- Born: 25 December 1890 Woolwich
- Died: 31 January 1971 (aged 80) Hale, Halton
- Allegiance: United Kingdom
- Branch: British Indian Army
- Service years: 1912–1944
- Rank: Brigadier
- Unit: 13th Frontier Force Rifles
- Conflicts: World War I; Russian Civil War; Waziristan campaign (1919–1920); Waziristan campaign (1936–1939); World War II;
- Awards: DSO

= Noël Louis St Pierre Bunbury =

British Army officer (1890–1971)

Brigadier Noël Louis St Pierre Bunbury DSO (1890-1971) was a senior British Indian Army officer during the Second World War.

==Biography==

Born in Woolwich on 25 December 1890, Noël Louis St Pierre Bunbury was educated at Bedford School and at the Royal Military College, Sandhurst.

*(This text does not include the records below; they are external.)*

(* Let $G$ be a trigraph containing a fence gadget $F$ attached to a set $S$ and satisfying the attachment rule in $G$. In any partial $4$-sequence from $G$, the first contraction involving a pair consisting of a vertex of $V(F)$ and a vertex of $V(F)\cup S$ can only occur after $S$ has been contracted into a single vertex (i.e., at the moment of that contraction, $S$ is contained in a single part).
   Context: A trigraph $G$ consists of a vertex set $V(G)$ and two disjoint sets of unordered pairs of distinct vertices: black edges and red edges; the red graph is formed by the red edges. Contracting two distinct vertices $u,v$ replaces them by a new vertex $w$ such that, for every other vertex $z$, $wz$ is black if $uz,vz$ are both black, a non-edge if both are non-edges, and red otherwise. A partial $d$-sequence from $G$ is a sequence of trigraphs starting at $G$, each obtained from the previous by one contraction, all of maximum red degree at most $d$. Each vertex $u$ of a later trigraph corresponds to the set $u(G)$ (its part) of vertices of $G$ merged into it; a contraction of $u,u'$ involves a pair $v,v'$ of vertices of $G$ if $v\in u(G),v'\in u'(G)$ or vice versa. A fence gadget is a trigraph $F$ on $A\cup B$, $A=\{a_1,\dots,a_6\}$, $B=\{b_1,\dots,b_6\}$, whose black edges are those of the cycles $a_1a_2a_3a_4a_5a_6a_1$ and $b_1b_2b_3b_4b_5b_6b_1$ together with $b_1a_6$, and whose red edges are $a_ib_i$ for $i\in[6]$ and $a_ib_{i+1}$ for $i\in[5]$. Inside a trigraph $G$, $F$ is attached to a nonempty set $S\subseteq V(G)\setminus V(F)$ if every vertex of $A$ is joined by a black edge to every vertex of $S$ and no vertex of $B$ is adjacent to a vertex of $S$. $F$ satisfies the attachment rule in $G$ if $V(F)$ is the vertex set of a connected component of the red graph of $G$ and there is a set $X\subseteq V(G)\setminus(V(F)\cup S)$ such that every vertex of $A$ has exactly $X\cup S$ as its set of neighbours outside $V(F)$, every vertex of $B$ has exactly $X$ as its set of neighbours outside $V(F)$ (all these edges black), and every vertex of $X$ is adjacent to every vertex of $S$. *)

theory Defs
  imports Main
begin

record 'a trigraph =
  verts :: "'a set"
  blk   :: "'a set set"
  red   :: "'a set set"

definition wf_trigraph :: "'a trigraph \<Rightarrow> bool" where
  "wf_trigraph G \<longleftrightarrow> finite (verts G)
     \<and> blk G \<subseteq> {{x, y} | x y. x \<in> verts G \<and> y \<in> verts G \<and> x \<noteq> y}
     \<and> red G \<subseteq> {{x, y} | x y. x \<in> verts G \<and> y \<in> verts G \<and> x \<noteq> y}
     \<and> blk G \<inter> red G = {}"

definition red_degree :: "'a trigraph \<Rightarrow> 'a \<Rightarrow> nat" where
  "red_degree T x = card {z \<in> verts T. {x, z} \<in> red T}"

definition max_red_deg_le :: "'a trigraph \<Rightarrow> nat \<Rightarrow> bool" where
  "max_red_deg_le T d \<longleftrightarrow> (\<forall>x \<in> verts T. red_degree T x \<le> d)"

text \<open>Trigraphs of a contraction sequence from G are represented with vertices being
  their parts (sets of vertices of G). The initial trigraph is G with every vertex v
  renamed to its part {v}.\<close>

definition lift :: "'v trigraph \<Rightarrow> 'v set trigraph" where
  "lift G = \<lparr> verts = (\<lambda>x. {x}) ` verts G,
              blk = (\<lambda>e. (\<lambda>x. {x}) ` e) ` blk G,
              red = (\<lambda>e. (\<lambda>x. {x}) ` e) ` red G \<rparr>"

He served during the First World War between 1914 and 1918, in Siberia during the Russian Civil War in 1919, during the Waziristan Campaign in 1920, in Waziristan in 1930, and during the Waziristan Campaign between 1936 and 1937. He served during the Second World War between 1939 and 1944, was promoted to the rank of Brigadier in 1941, and was Aide-de-camp to King George VI between 1943 and 1944.

Brigadier Noël Louis St Pierre Bunbury was invested as a Companion of the Distinguished Service Order in 1937. He retired from the British Indian Army in 1944 and died in Hale, Halton, on 31 January 1971, aged 80.